Title: Stochastic Subspace via Probabilistic Principal Component Analysis for Characterizing Model Error Show Chinese title

Title: 基于概率主成分分析的随机子空间用于表征模型误差

Abstract: This paper proposes a probabilistic model of subspaces based on the probabilistic principal component analysis (PCA). Given a sample of vectors in the embedding space -- commonly known as a snapshot matrix -- this method uses quantities derived from the probabilistic PCA to construct distributions of the sample matrix, as well as the principal subspaces. It is applicable to projection-based reduced-order modeling methods, such as proper orthogonal decomposition and related model reduction methods.
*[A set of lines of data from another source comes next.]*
(* Let $\Delta$ and $\chi$ be integers with $2\le \chi\le \Delta$. If $G$ is a graph with maximum degree $\Delta$ and chromatic number $\chi$, then $$\chi'_{inj}(G)\le (\chi-1)\lceil 27\Delta\ln\Delta\rceil.$$ In particular, if $G$ is bipartite (with maximum degree $\Delta\ge 2$), then $\chi'_{inj}(G)\le \lceil 27\Delta\ln\Delta\rceil$.
   Context: All graphs are finite and simple; $\ln$ is the natural logarithm. An edge coloring of a graph $G$ (not necessarily proper) is \emph{injective} if any two distinct edges $e,f$ receive distinct colors whenever either (i) $e$ and $f$ share no vertex and some edge of $G$ joins an endpoint of $e$ to an endpoint of $f$, or (ii) $e$ and $f$ lie in a common triangle of $G$. The injective chromatic index $\chi'_{inj}(G)$ is the minimum number of colors in an injective edge coloring of $G$. *)

theory Defs
  imports Complex_Main
begin

definition simple_graph :: "'a set \<Rightarrow> 'a set set \<Rightarrow> bool" where
  "simple_graph V E \<longleftrightarrow> finite V \<and> (\<forall>e\<in>E. e \<subseteq> V \<and> card e = 2)"

definition degree :: "'a set set \<Rightarrow> 'a \<Rightarrow> nat" where
  "degree E v = card {e\<in>E. v \<in> e}"

definition max_degree :: "'a set \<Rightarrow> 'a set set \<Rightarrow> nat" where
  "max_degree V E = Max (insert 0 (degree E ` V))"

definition proper_vertex_coloring :: "'a set \<Rightarrow> 'a set set \<Rightarrow> nat \<Rightarrow> ('a \<Rightarrow> nat) \<Rightarrow> bool" where
  "proper_vertex_coloring V E k c \<longleftrightarrow>
     c ` V \<subseteq> {..<k} \<and> (\<forall>u v. {u, v} \<in> E \<longrightarrow> c u \<noteq> c v)"

definition chromatic_number :: "'a set \<Rightarrow> 'a set set \<Rightarrow> nat" where
  "chromatic_number V E = (LEAST k. \<exists>c. proper_vertex_coloring V E k c)"

definition bipartite :: "'a set \<Rightarrow> 'a set set \<Rightarrow> bool" where
  "bipartite V E \<longleftrightarrow> (\<exists>c. proper_vertex_coloring V E 2 c)"

definition inj_conflict :: "'a set set \<Rightarrow> 'a set \<Rightarrow> 'a set \<Rightarrow> bool" where
  "inj_conflict E e f \<longleftrightarrow>
     (e \<inter> f = {} \<and> (\<exists>g\<in>E. g \<inter> e \<noteq> {} \<and> g \<inter> f \<noteq> {})) \<or>
     (\<exists>a b c. {a, b} \<in> E \<and> {b, c} \<in> E \<and> {a, c} \<in> E \<and>
        e \<in> {{a, b}, {b, c}, {a, c}} \<and> f \<in> {{a, b}, {b, c}, {a, c}})"

definition injective_edge_coloring :: "'a set set \<Rightarrow> nat \<Rightarrow> ('a set \<Rightarrow> nat) \<Rightarrow> bool" where
  "injective_edge_coloring E k col \<longleftrightarrow>
     col ` E \<subseteq> {..<k} \<and>
     (\<forall>e\<in>E. \<forall>f\<in>E. e \<noteq> f \<and> inj_conflict E e f \<longrightarrow> col e \<noteq> col f)"

definition inj_chromatic_index :: "'a set set \<Rightarrow> nat" where
  "inj_chromatic_index E = (LEAST k. \<exists>col. injective_edge_coloring E k col)"

end

theory Submission
  imports Defs "HOL-Library.FuncSet"
begin

text \<open>
  Split the edges by the smaller colour of their ends in a proper vertex colouring with
  \<open>\<chi>\<close> colours. The \<open>i\<close>-th part consists of edges with exactly one end in the independent
  colour class \<open>A\<^sub>i\<close>; with disjoint palettes for the parts it suffices to colour each part
  injectively with \<open>K = \<lceil>27 \<Delta> ln \<Delta>\<rceil>\<close> colours.

  For one part, run \<open>K\<close> rounds in each of which every vertex is picked independently with
  probability \<open>1/(2\<Delta>)\<close>, and colour an edge \<open>uv\<close> with \<open>u \<in> A\<^sub>i\<close> by the first round in
  which \<open>v\<close> is the only picked vertex of \<open>N(u) \<union> N(v)\<close>. Edges of equal colour do not
  conflict: a conflict would need a second picked vertex in one of these neighbourhoods, or
  an edge inside \<open>A\<^sub>i\<close>. An edge fails in every round with probability at most
  \<open>(1 - 1/(6\<Delta>))^K \<le> \<Delta>^(-9/2)\<close>, and this event is determined by the rounds on
  \<open>N(u) \<union> N(v)\<close>, hence independent of all but \<open>2\<Delta>\<^sup>3\<close> of the other failure events. The
  Lovasz Local Lemma, proved here by counting on the finite product space of all rounds,
  yields an outcome in which no edge fails. For \<open>\<Delta> \<le> 5\<close> a greedy colouring with
  \<open>2\<Delta>\<^sup>2 + 1\<close> colours suffices.
\<close>

section \<open>Events determined by coordinates of a finite product\<close>

definition depends_on :: "('i \<Rightarrow> 'v) set \<Rightarrow> 'i set \<Rightarrow> ('i \<Rightarrow> 'v) set \<Rightarrow> bool" where
  "depends_on \<Omega> Y A \<longleftrightarrow> (\<forall>\<omega>\<in>\<Omega>. \<forall>\<omega>'\<in>\<Omega>. (\<forall>i\<in>Y. \<omega> i = \<omega>' i) \<longrightarrow> (\<omega> \<in> A \<longleftrightarrow> \<omega>' \<in> A))"

lemma depends_onD:
  "depends_on \<Omega> Y A \<Longrightarrow> \<omega> \<in> A \<Longrightarrow> \<omega> \<in> \<Omega> \<Longrightarrow> \<omega>' \<in> \<Omega> \<Longrightarrow> (\<And>i. i \<in> Y \<Longrightarrow> \<omega> i = \<omega>' i) \<Longrightarrow> \<omega>' \<in> A"
  unfolding depends_on_def by blast

lemma depends_on_mono: "depends_on \<Omega> Y A \<Longrightarrow> Y \<subseteq> Y' \<Longrightarrow> depends_on \<Omega> Y' A"
  unfolding depends_on_def by blast

lemma depends_on_space: "depends_on \<Omega> Y \<Omega>"
  unfolding depends_on_def by blast

lemma depends_on_Ball:
  assumes "\<And>t. t \<in> T \<Longrightarrow> depends_on \<Omega> (Y t) (G t)"
  shows "depends_on \<Omega> (\<Union>t\<in>T. Y t) {\<omega>\<in>\<Omega>. \<forall>t\<in>T. \<omega> \<in> G t}"
  unfolding depends_on_def
proof (intro ballI impI)
  fix \<omega> \<omega>' assume \<omega>: "\<omega> \<in> \<Omega>" "\<omega>' \<in> \<Omega>" and agree: "\<forall>i\<in>(\<Union>t\<in>T. Y t). \<omega> i = \<omega>' i"
  have "\<omega> \<in> G t \<longleftrightarrow> \<omega>' \<in> G t" if "t \<in> T" for t
    using assms[OF that] \<omega> agree that unfolding depends_on_def by blast
  then show "\<omega> \<in> {\<omega>\<in>\<Omega>. \<forall>t\<in>T. \<omega> \<in> G t} \<longleftrightarrow> \<omega>' \<in> {\<omega>\<in>\<Omega>. \<forall>t\<in>T. \<omega> \<in> G t}"
    using \<omega> by blast
qed

lemma depends_on_Diff_UN:
  assumes "\<And>t. t \<in> T \<Longrightarrow> depends_on \<Omega> (Y t) (G t)"
  shows "depends_on \<Omega> (\<Union>t\<in>T. Y t) (\<Omega> - \<Union>(G ` T))"
proof -
  have "\<Omega> - \<Union>(G ` T) = {\<omega>\<in>\<Omega>. \<forall>t\<in>T. \<omega> \<in> \<Omega> - G t}" by blast
  moreover have "depends_on \<Omega> (Y t) (\<Omega> - G t)" if "t \<in> T" for t
    using assms[OF that] unfolding depends_on_def by blast
  ultimately show ?thesis using depends_on_Ball[of T \<Omega> Y "\<lambda>t. \<Omega> - G t"] by simp
qed

lemma card_Int_PiE_split:
  assumes Y: "Y \<subseteq> I" and A: "A \<subseteq> PiE I F" "depends_on (PiE I F) Y A"
    and B: "B \<subseteq> PiE I F" "depends_on (PiE I F) (I - Y) B"
  shows "card (A \<inter> B) = card ((\<lambda>\<omega>. restrict \<omega> Y) ` A) * card ((\<lambda>\<omega>. restrict \<omega> (I - Y)) ` B)"
proof -
  define split where "split \<omega> = (restrict \<omega> Y, restrict \<omega> (I - Y))" for \<omega> :: "'a \<Rightarrow> 'b"
  have "inj_on split (PiE I F)"
  proof (rule inj_onI)
    fix \<omega> \<omega>' assume "\<omega> \<in> PiE I F" "\<omega>' \<in> PiE I F" "split \<omega> = split \<omega>'"
    then have rY: "restrict \<omega> Y = restrict \<omega>' Y" and rY': "restrict \<omega> (I - Y) = restrict \<omega>' (I - Y)"
      by (simp_all add: split_def)
    have "\<omega> i = \<omega>' i" if "i \<in> I" for i
      using fun_cong[OF rY, of i] fun_cong[OF rY', of i] that by (cases "i \<in> Y") simp_all
    then show "\<omega> = \<omega>'"
      using \<open>\<omega> \<in> PiE I F\<close> \<open>\<omega>' \<in> PiE I F\<close> by (metis PiE_arb ext)
  qed
  then have inj: "inj_on split (A \<inter> B)" by (rule inj_on_subset) (use A(1) in blast)
  have "split ` (A \<inter> B) = (\<lambda>\<omega>. restrict \<omega> Y) ` A \<times> (\<lambda>\<omega>. restrict \<omega> (I - Y)) ` B"
  proof (intro equalityI subsetI)
    fix p assume "p \<in> split ` (A \<inter> B)"
    then show "p \<in> (\<lambda>\<omega>. restrict \<omega> Y) ` A \<times> (\<lambda>\<omega>. restrict \<omega> (I - Y)) ` B"
      unfolding split_def by blast
  next
    fix p assume "p \<in> (\<lambda>\<omega>. restrict \<omega> Y) ` A \<times> (\<lambda>\<omega>. restrict \<omega> (I - Y)) ` B"
    then obtain a b where ab: "a \<in> A" "b \<in> B" "p = (restrict a Y, restrict b (I - Y))" by blast
    define \<omega> where "\<omega> i = (if i \<in> Y then a i else b i)" for i
    have \<omega>: "\<omega> \<in> PiE I F"
      using ab A(1) B(1) Y unfolding \<omega>_def by (auto simp: PiE_iff extensional_def)
    have "\<omega> \<in> A" by (rule depends_onD[OF A(2) ab(1)]) (use A(1) ab(1) \<omega> in \<open>auto simp: \<omega>_def\<close>)
    moreover have "\<omega> \<in> B" by (rule depends_onD[OF B(2) ab(2)]) (use B(1) ab(2) \<omega> in \<open>auto simp: \<omega>_def\<close>)
    moreover have "split \<omega> = p" using ab(3) unfolding split_def \<omega>_def by (auto simp: restrict_def fun_eq_iff)
    ultimately show "p \<in> split ` (A \<inter> B)" by blast
  qed
  then show ?thesis using card_image[OF inj] by (simp add: card_cartesian_product)
qed

lemma card_Int_PiE_independent:
  assumes Y: "Y \<subseteq> I" and A: "A \<subseteq> PiE I F" "depends_on (PiE I F) Y A"
    and B: "B \<subseteq> PiE I F" "depends_on (PiE I F) (I - Y) B"
  shows "card (A \<inter> B) * card (PiE I F) = card A * card B"
proof -
  let ?\<Omega> = "PiE I F" and ?rY = "\<lambda>\<omega>. restrict \<omega> Y" and ?rY' = "\<lambda>\<omega>. restrict \<omega> (I - Y)"
  note split = card_Int_PiE_split[OF Y]
  have "card A = card (?rY ` A) * card (?rY' ` ?\<Omega>)"
    using split[OF A subset_refl depends_on_space] A(1) by (simp add: Int_absorb2)
  moreover have "card B = card (?rY ` ?\<Omega>) * card (?rY' ` B)"
    using split[OF subset_refl depends_on_space B] B(1) by (simp add: Int_absorb1)
  moreover have "card ?\<Omega> = card (?rY ` ?\<Omega>) * card (?rY' ` ?\<Omega>)"
    using split[OF subset_refl depends_on_space subset_refl depends_on_space] by simp
  moreover have "card (A \<inter> B) = card (?rY ` A) * card (?rY' ` B)"
    by (rule split[OF A B])
  ultimately show ?thesis by (simp only: ac_simps)
qed

lemma card_PiE_Ball_independent:
  assumes "finite T"
    and "\<And>t. t \<in> T \<Longrightarrow> Y t \<subseteq> I"
    and "\<And>t. t \<in> T \<Longrightarrow> G t \<subseteq> PiE I F"
    and "\<And>t. t \<in> T \<Longrightarrow> depends_on (PiE I F) (Y t) (G t)"
    and "\<And>s t. s \<in> T \<Longrightarrow> t \<in> T \<Longrightarrow> s \<noteq> t \<Longrightarrow> Y s \<inter> Y t = {}"
  shows "card {\<omega>\<in>PiE I F. \<forall>t\<in>T. \<omega> \<in> G t} * card (PiE I F) ^ card T
         = (\<Prod>t\<in>T. card (G t)) * card (PiE I F)"
  using assms
proof (induction T rule: finite_induct)
  case empty
  then show ?case by simp
next
  case (insert t T)
  let ?\<Omega> = "PiE I F"
  let ?H = "{\<omega>\<in>?\<Omega>. \<forall>s\<in>T. \<omega> \<in> G s}"
  have "depends_on ?\<Omega> (\<Union>s\<in>T. Y s) ?H"
    by (rule depends_on_Ball) (use insert.prems in auto)
  moreover have "(\<Union>s\<in>T. Y s) \<subseteq> I - Y t"
    using insert.prems(1,4) insert.hyps(2) by blast
  ultimately have "depends_on ?\<Omega> (I - Y t) ?H"
    by (rule depends_on_mono)
  then have indep: "card (G t \<inter> ?H) * card ?\<Omega> = card (G t) * card ?H"
    using insert.prems(1-3) by (intro card_Int_PiE_independent) auto
  have "{\<omega>\<in>?\<Omega>. \<forall>s\<in>insert t T. \<omega> \<in> G s} = G t \<inter> ?H"
    using insert.prems(2)[of t] by auto
  then have "card {\<omega>\<in>?\<Omega>. \<forall>s\<in>insert t T. \<omega> \<in> G s} * card ?\<Omega> ^ card (insert t T)
      = card (G t \<inter> ?H) * card ?\<Omega> * card ?\<Omega> ^ card T"
    using insert.hyps by simp
  also have "\<dots> = card (G t) * (card ?H * card ?\<Omega> ^ card T)"
    by (simp add: indep)
  also have "card ?H * card ?\<Omega> ^ card T = (\<Prod>s\<in>T. card (G s)) * card ?\<Omega>"
    by (rule insert.IH) (use insert.prems in auto)
  also have "card (G t) * ((\<Prod>s\<in>T. card (G s)) * card ?\<Omega>) = (\<Prod>s\<in>insert t T. card (G s)) * card ?\<Omega>"
    using insert.hyps by simp
  finally show ?case .
qed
The stochastic subspace thus constructed can be used, for example, to characterize model-form uncertainty in computational mechanics. The proposed method has multiple desirable properties: (1) it is naturally justified by the probabilistic PCA and has analytic forms for the induced random matrix models; (2) it satisfies linear constraints, such as boundary conditions of all kinds, by default; (3) it has only one hyperparameter, which significantly simplifies training; and (4) its algorithm is very easy to implement. We demonstrate the performance of the proposed method via several numerical examples in computational mechanics and structural dynamics. Show Chinese abstract

Abstract: 本文提出了一种基于概率主成分分析（PCA）的子空间概率模型。 给定嵌入空间中的向量样本——通常称为快照矩阵——该方法利用源自概率PCA的量来构造样本矩阵以及主要子空间的分布。 它适用于基于投影的降阶建模方法，如恰当正交分解及相关模型简化方法。 由此构建的随机子空间可以用于表征计算力学中的模型形式不确定性。 所提出的方法具有多个优点： (1) 它由概率PCA自然推导，并且对于由此诱导的随机矩阵模型具有解析形式；(2) 默认情况下，它可以满足线性约束，例如各种边界条件；(3) 它只有一个超参数，这显著简化了训练过程；(4) 其算法非常容易实现。 我们通过计算力学和结构动力学中的几个数值例子展示了所提出方法的性能。